Problem
All that should be output is the block of lines below from the line with "by (simp add: algebra_simps)" to the line with "indicator (cylinder 0", both included, exactly as written.
* * * *
lemma integrable_cylinder_increment:
  "integrable M (\<lambda>\<omega>. indicator (cylinder n x) \<omega> * exp (t * (H (n + m) \<omega> - H n \<omega>)))"
proof (rule integrable_const_bound[where B=1])
  show "AE \<omega> in M. norm (indicator (cylinder n x) \<omega> * exp (t * (H (n + m) \<omega> - H n \<omega>))) \<le> 1"
  proof (rule AE_I2)
    fix \<omega> assume "\<omega> \<in> space M"
    then have "t * (H (n + m) \<omega> - H n \<omega>) \<le> 0"
      using H_mono t_nonpos by (simp add: mult_nonpos_nonneg)
    then show "norm (indicator (cylinder n x) \<omega> * exp (t * (H (n + m) \<omega> - H n \<omega>))) \<le> 1"
      by (simp add: indicator_def)
  qed
qed measurable

text \<open>The Markov property behind the recursion: given the first n arrivals, the law of the
  future depends on them only through their excitation.\<close>
lemma integral_cylinder_increment:
  "\<forall>i\<in>{1..n}. x i \<in> {0, 1} \<Longrightarrow>
   (\<integral>\<omega>. indicator (cylinder n x) \<omega> * exp (t * (H (n + m) \<omega> - H n \<omega>)) \<partial>M)
     = measure M (cylinder n x) * W (excitation x n) m"
proof (induction m arbitrary: n x)
  case 0
  then show ?case by (simp add: Int_absorb2 sets.sets_into_space)
next
  case (Suc m)
  define x0 where "x0 = x(Suc n := 0)"
  define x1 where "x1 = x(Suc n := 1)"
  have x0: "\<forall>i\<in>{1..Suc n}. x0 i \<in> {0, 1}" and x1: "\<forall>i\<in>{1..Suc n}. x1 i \<in> {0, 1}"
    using Suc.prems by (auto simp: x0_def x1_def)
  define f where "f \<omega> = exp (t * (H (Suc n + m) \<omega> - H (Suc n) \<omega>))" for \<omega>
  have split_next: "indicator (cylinder n x) \<omega> * exp (t * (H (n + Suc m) \<omega> - H n \<omega>))
      = indicator (cylinder (Suc n) x0) \<omega> * f \<omega> + exp t * (indicator (cylinder (Suc n) x1) \<omega> * f \<omega>)"
    if "\<omega> \<in> space M" for \<omega>
  proof -
    have "exp (t * (H (n + Suc m) \<omega> - H n \<omega>)) = exp (t * \<xi> (Suc n) \<omega>) * f \<omega>"
      using H_Suc[of n \<omega>] by (simp add: f_def algebra_simps flip: exp_add)
    then show ?thesis
      unfolding x0_def x1_def cylinder_Suc
      using arrival_01[of "Suc n" \<omega>] that by (auto simp: indicator_def)
  qed
  have "(\<integral>\<omega>. indicator (cylinder n x) \<omega> * exp (t * (H (n + Suc m) \<omega> - H n \<omega>)) \<partial>M)
      = (\<integral>\<omega>. indicator (cylinder (Suc n) x0) \<omega> * f \<omega>
            + exp t * (indicator (cylinder (Suc n) x1) \<omega> * f \<omega>) \<partial>M)"
    by (rule Bochner_Integration.integral_cong[OF refl split_next])
  also have "\<dots> = (\<integral>\<omega>. indicator (cylinder (Suc n) x0) \<omega> * f \<omega> \<partial>M)
        + exp t * (\<integral>\<omega>. indicator (cylinder (Suc n) x1) \<omega> * f \<omega> \<partial>M)"
    using integrable_cylinder_increment[of "Suc n" x0 m] integrable_cylinder_increment[of "Suc n" x1 m]
    unfolding f_def by (subst Bochner_Integration.integral_add) auto
  also have "\<dots> = measure M (cylinder (Suc n) x0) * W (excitation x0 (Suc n)) m
      + exp t * (measure M (cylinder (Suc n) x1) * W (excitation x1 (Suc n)) m)"
    unfolding f_def using Suc.IH[OF x0] Suc.IH[OF x1] by simp
  also have "\<dots> = measure M (cylinder n x) * W (excitation x n) (Suc m)"
    unfolding x0_def x1_def excitation_update
      measure_cylinder_no_arrival[OF Suc.prems] measure_cylinder_arrival[OF Suc.prems]
    by (simp add: algebra_simps)
  finally show ?case .
qed

lemma expectation_exp_H: "(\<integral>\<omega>. exp (t * H m \<omega>) \<partial>M) = W (\<lambda>_. 0) m"
proof -
  have "(\<integral>\<omega>. exp (t * H m \<omega>) \<partial>M)
      = (\<integral>\<omega>. indicator (cylinder 0 (\<lambda>_. 0)) \<omega> * exp (t * (H (0 + m) \<omega> - H 0 \<omega>)) \<partial>M)"
    by (intro Bochner_Integration.integral_cong) (auto simp: cylinder_0 hawkes_H_def)
  also have "\<dots> = W (\<lambda>_. 0) m"
    by (subst integral_cylinder_increment) (auto simp: cylinder_0 excitation_0 prob_space)
  finally show ?thesis .
qed

end

theorem lemma4p6:
  fixes M :: "'w measure" and a :: "nat \<Rightarrow> real" and \<xi> :: "nat \<Rightarrow> 'w \<Rightarrow> real" and t :: real
  assumes a_pos: "\<And>i. a i > 0"
    and a_summable: "summable a" and a_sum: "(\<Sum>i. a i) < 1"
    and a_moment: "summable (\<lambda>i. real i * a i)"
    and hawkes: "dthp M a \<xi>"
    and t_nonpos: "t \<le> 0"
  shows "convergent (\<lambda>n. ln (\<integral>\<omega>. exp (t * hawkes_H \<xi> n \<omega>) \<partial>M) / real n)"
proof -
  interpret dthp_process a t M \<xi>
    by unfold_locales (use a_pos a_summable a_sum hawkes t_nonpos in \<open>auto intro: less_imp_le\<close>)
  have "convergent (\<lambda>n. ln (W (\<lambda>_. 0) n) / real n)"
    using cond_laplace_submult[OF admissible_zero] cond_laplace_bounds[OF admissible_zero]
    by (intro fekete_submultiplicative[of _ t]) auto
  then show ?thesis
    by (simp add: expectation_exp_H)
qed

end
* * * *
Response
    by (simp add: algebra_simps)
  finally show ?case .
qed

lemma expectation_exp_H: "(\<integral>\<omega>. exp (t * H m \<omega>) \<partial>M) = W (\<lambda>_. 0) m"
proof -
  have "(\<integral>\<omega>. exp (t * H m \<omega>) \<partial>M)
      = (\<integral>\<omega>. indicator (cylinder 0 (\<lambda>_. 0)) \<omega> * exp (t * (H (0 + m) \<omega> - H 0 \<omega>)) \<partial>M)"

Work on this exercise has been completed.